[EXERCISE INSTRUCTIONS] Which lines below contain "range"? Pull them out.
======== AVAILABLE DATA
lemma g_Suc:
  "g (int n) (int (Suc k)) = (\<Sum>l = 1..int n - int k. (l + 1) * g (int n - l) (int k))"
proof -
  have "g (int n) (int (Suc k)) = int (card (face_chains n (Suc k)))"
    by (rule g_eq_card)
  also have "\<dots> = (\<Sum>l = 1..n - k. (int l + 1) * int (card (face_chains (n - l) k)))"
    by (simp add: card_face_chains_Suc_bounded of_nat_sum algebra_simps)
  also have "\<dots> = (\<Sum>l = 1..n - k. (int l + 1) * g (int n - int l) (int k))"
    by (intro sum.cong refl) (auto simp: g_eq_card[symmetric] of_nat_diff)
  also have "\<dots> = (\<Sum>l \<in> int ` {1..n - k}. (l + 1) * g (int n - l) (int k))"
    by (simp add: sum.reindex)
  also have "int ` {1..n - k} = {1..int n - int k}"
    by (rule int_image_atLeastAtMost_diff)
  finally show ?thesis .
qed

theorem proposition4p1:
  fixes n k :: int
  assumes "n \<ge> 0"
  shows "g n k = (if k = 0 then 1 else 0) + (\<Sum>l = 1..n - k + 1. (l + 1) * g (n - l) (k - 1))"
proof -
  obtain N where N: "n = int N" using assms nonneg_int_cases by blast
  consider (neg) "k < 0" | (zero) "k = 0" | (pos) K where "k = int (Suc K)"
  proof -
    have "\<exists>K. k = int (Suc K)" if "0 < k" using that by (intro exI[of _ "nat (k - 1)"]) simp
    then show thesis using that by (cases "k < 0"; cases "k = 0") auto
  qed
  then show ?thesis
  proof cases
    case neg
    then show ?thesis by (simp add: g_neg)
  next
    case zero
    have "g n 0 = 1" using g_eq_card[of N 0] by (simp add: N face_chains_0)
    then show ?thesis using zero by (simp add: g_neg)
  next
    case pos
    then show ?thesis using g_Suc[of N K] by (simp add: N algebra_simps)
  qed
qed

end
text \<open>The entry \<open>((M\<^sup>\<omega>\<^sup>,\<^sup>l)\<^sub>\<gamma>)\<^sub>i\<close> with the stack contents \<open>\<pi>\<^sub>1, \<pi>\<^sub>2, \<dots>\<close> restricted to \<open>Q\<close>.\<close>

definition M_omega_on :: "'g list \<Rightarrow> nat \<Rightarrow> (nat \<Rightarrow> 'g list) set \<Rightarrow> (nat \<Rightarrow> 'a) \<Rightarrow> 's" where
  "M_omega_on \<gamma> i Q w =
     gsum cs (\<lambda>\<pi>s. gsum cs (\<lambda>js. gsum cs (\<lambda>u. run_weight \<gamma> i \<pi>s js u) {u. factorization u w}) (P_l n l)) Q"

lemma M_omega_eq_M_omega_on: "M_omega cs ip n l M \<gamma> i w = M_omega_on \<gamma> i UNIV w"
  unfolding M_omega_def M_omega_on_def run_weight_def s_iprod_def build_conv_if ..

lemma run_weight_build:
  "run_weight \<gamma> i (\<rho> ## \<pi>s) (k ## js) (v ## u) = M \<gamma> \<rho> i k v * run_weight \<rho> k \<pi>s js u"
  unfolding run_weight_def by (subst ip_unfold) simp

lemma run_weights_first_step:
  "gsum cs (\<lambda>js. gsum cs (\<lambda>u. run_weight \<gamma> i (\<rho> ## \<pi>s) js u) {u. factorization u w}) (P_l n l)
   = (\<Sum>k\<in>{1..n}. gsum cs (\<lambda>K. M \<gamma> \<rho> i k (map w [0..<K]) *
        gsum cs (\<lambda>js. gsum cs (\<lambda>u. run_weight \<rho> k \<pi>s js u) {u. factorization u (\<lambda>t. w (K + t))}) (P_l n l)) UNIV)"
proof -
  have "gsum cs (\<lambda>js. gsum cs (\<lambda>u. run_weight \<gamma> i (\<rho> ## \<pi>s) js u) {u. factorization u w}) (P_l n l)
      = gsum cs (\<lambda>k. gsum cs (\<lambda>js. gsum cs (\<lambda>K. gsum cs (\<lambda>u. M \<gamma> \<rho> i k (map w [0..<K]) * run_weight \<rho> k \<pi>s js u)
          {u. factorization u (\<lambda>t. w (K + t))}) UNIV) (P_l n l)) {1..n}"
    by (subst gsum_P_l) (intro gsum_cong; simp add: gsum_factorization[where w = w] run_weight_build)
  also have "\<dots> = gsum cs (\<lambda>k. gsum cs (\<lambda>K. gsum cs (\<lambda>js. gsum cs (\<lambda>u. M \<gamma> \<rho> i k (map w [0..<K]) * run_weight \<rho> k \<pi>s js u)
          {u. factorization u (\<lambda>t. w (K + t))}) (P_l n l)) UNIV) {1..n}"
    by (intro gsum_cong gsum_swap) simp_all
  finally show ?thesis by (simp add: gsum_eq_sum gsum_distrib_left)
qed
lemma cinner_diff_right: "cinner x (y - z) = cinner x y - cinner x z"
  by (simp add: cinner_def right_diff_distrib sum_subtractf)

lemma cinner_scale_left: "cinner (c *s x) y = c * cinner x y"
  by (simp add: cinner_def sum_distrib_left mult.assoc)

lemma cinner_scale_right: "cinner x (c *s y) = cnj c * cinner x y"
  by (simp add: cinner_def sum_distrib_left mult.assoc mult.left_commute)

lemma cinner_commute: "cinner y x = cnj (cinner x y)"
  by (simp add: cinner_def mult.commute)

lemma cinner_axis: "cinner x (axis i 1) = x $ i"
  by (simp add: cinner_def axis_def if_distrib cong: if_cong)

lemma cinner_self_eq_0D: "cinner x x = 0 \<Longrightarrow> x = 0"
proof -
  have "cinner x x = (\<Sum>i\<in>UNIV. complex_of_real ((cmod (x$i))\<^sup>2))"
    unfolding cinner_def by (simp only: complex_norm_square)
  also have "\<dots> = complex_of_real ((norm x)\<^sup>2)"
    by (simp add: norm_vec_def L2_set_def sum_nonneg)
  finally show "cinner x x = 0 \<Longrightarrow> x = 0" by simp
qed

lemma inner_eq_Re_cinner: "x \<bullet> y = Re (cinner x y)"
  by (simp add: inner_vec_def cinner_def inner_complex_def Re_sum)

lemma vec_subspace_orthogonal_decomp:
  assumes E: "vec.subspace E"
  shows "\<exists>y. y \<in> E \<and> (\<forall>w\<in>E. cinner (x - y) w = 0)"
proof -
  have scaleR: "c *\<^sub>R v = complex_of_real c *s v" for c and v :: "complex^'n"
    unfolding vec_eq_iff by (auto simp: scaleR_conv_of_real[where 'a=complex])
  have "subspace E"
    using E by (simp add: vec.subspace_def subspace_def scaleR)
  then obtain y z where y: "y \<in> E" and z: "\<And>w. w \<in> E \<Longrightarrow> orthogonal z w" and xyz: "x = y + z"
    using orthogonal_subspace_decomp_exists[of E x] by (metis span_eq_iff)
  have "cinner z w = 0" if w: "w \<in> E" for w
  proof -
    have "Re (cinner z w) = 0" using z[OF w] by (simp add: orthogonal_def inner_eq_Re_cinner)
    moreover have "Re (cinner z (\<i> *s w)) = 0"
      using z E w by (simp add: orthogonal_def inner_eq_Re_cinner vec.subspace_scale)
    ultimately show ?thesis by (simp add: cinner_scale_right complex_eq_iff)
  qed
  with y xyz show ?thesis by (intro exI[of _ y]) auto
qed
section \<open>Recurrent dense sequences, interpolation and spikes\<close>

lemma recurrent_dense_sequence_exists:
  fixes S :: "'a::{metric_space, second_countable_topology} set"
  assumes "S \<noteq> {}"
  shows "\<exists>c :: nat \<Rightarrow> 'a. range c \<subseteq> S \<and> (\<forall>k\<in>S. \<forall>r>0. \<forall>M. \<exists>m\<ge>M. dist (c m) k < r)"
proof -
  obtain T where T: "countable T" "T \<subseteq> S" "S \<subseteq> closure T"
    using separable by blast
  have "T \<noteq> {}"
    using T(3) assms by auto
  define c where "c m = from_nat_into T (fst (prod_decode m))" for m
  have "range c \<subseteq> S"
    using T(2) from_nat_into[OF \<open>T \<noteq> {}\<close>] by (auto simp: c_def)
  moreover have "\<exists>m\<ge>M. dist (c m) k < r" if k: "k \<in> S" "0 < r" for k r M
  proof -
    obtain x where x: "x \<in> T" "dist x k < r"
      using k T(3) closure_approachable by blast
    define m where "m = prod_encode (to_nat_on T x, M)"
    have "c m = x"
      using x(1) T(1) by (simp add: c_def m_def)
    moreover have "M \<le> m"
      unfolding m_def by (rule le_prod_encode_2)
    ultimately show ?thesis
      using x(2) by blast
  qed
  ultimately show ?thesis
    by blast
qed

definition lin_interp :: "(nat \<Rightarrow> real) \<Rightarrow> real \<Rightarrow> real" where
  "lin_interp y u = y (nat \<lfloor>u\<rfloor>) + frac u * (y (Suc (nat \<lfloor>u\<rfloor>)) - y (nat \<lfloor>u\<rfloor>))"

lemma lin_interp_eq:
  assumes "real k \<le> u" "u \<le> real k + 1"
  shows "lin_interp y u = y k + (u - real k) * (y (Suc k) - y k)"
proof (cases "u < real k + 1")
  case True
  then have "\<lfloor>u\<rfloor> = int k"
    using assms by linarith
  then show ?thesis
    by (simp add: lin_interp_def frac_def)
next
  case False
  then have u: "u = of_nat (Suc k)"
    using assms by simp
  have "frac u = 0"
    unfolding u by (simp only: frac_eq_0_iff Ints_of_nat)
  then show ?thesis
    unfolding lin_interp_def u floor_of_nat nat_int by simp
qed

lemma lin_interp_0 [simp]: "lin_interp y 0 = y 0"
  by (simp add: lin_interp_def)

lemma lin_interp_nonneg:
  assumes "\<And>k. 0 \<le> y k" "0 \<le> u"
  shows "0 \<le> lin_interp y u"
proof -
  define k where "k = nat \<lfloor>u\<rfloor>"
  have k: "real k \<le> u" "u \<le> real k + 1"
    using assms(2) unfolding k_def by linarith+
  have "lin_interp y u = (1 - (u - real k)) * y k + (u - real k) * y (Suc k)"
    using lin_interp_eq[OF k] by (simp add: algebra_simps)
  also have "\<dots> \<ge> 0"
    using k assms(1) by (intro add_nonneg_nonneg mult_nonneg_nonneg) auto
  finally show ?thesis .
qed

lemma lin_interp_of_nat: "lin_interp y (real n) = y n"
  using lin_interp_eq[of n "real n" y] by simp

lemma lin_interp_diff: "lin_interp a u - lin_interp b u = lin_interp (\<lambda>k. a k - b k) u"
  by (simp add: lin_interp_def algebra_simps)

lemma abs_lin_interp_le:
  assumes "\<And>k. \<bar>y k\<bar> \<le> B" "0 \<le> u"
  shows "\<bar>lin_interp y u\<bar> \<le> B"
proof -
  define k where "k = nat \<lfloor>u\<rfloor>"
  have k: "real k \<le> u" "u \<le> real k + 1"
    using assms(2) unfolding k_def by linarith+
  have "lin_interp y u = (1 - (u - real k)) * y k + (u - real k) * y (Suc k)"
    using lin_interp_eq[OF k, of y] by (simp add: algebra_simps)
  then have "\<bar>lin_interp y u\<bar> = \<bar>(1 - (u - real k)) * y k + (u - real k) * y (Suc k)\<bar>"
    by simp
  also have "\<dots> \<le> (1 - (u - real k)) * \<bar>y k\<bar> + (u - real k) * \<bar>y (Suc k)\<bar>"
    using k by (simp add: abs_triangle_ineq[THEN order_trans] abs_mult)
  also have "\<dots> \<le> (1 - (u - real k)) * B + (u - real k) * B"
    using k assms(1) by (intro add_mono mult_left_mono) auto
  finally show ?thesis
    by (simp add: algebra_simps)
qed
================
[EXERCISE RESPONSE]
  shows "\<exists>c :: nat \<Rightarrow> 'a. range c \<subseteq> S \<and> (\<forall>k\<in>S. \<forall>r>0. \<forall>M. \<exists>m\<ge>M. dist (c m) k < r)"
  have "range c \<subseteq> S"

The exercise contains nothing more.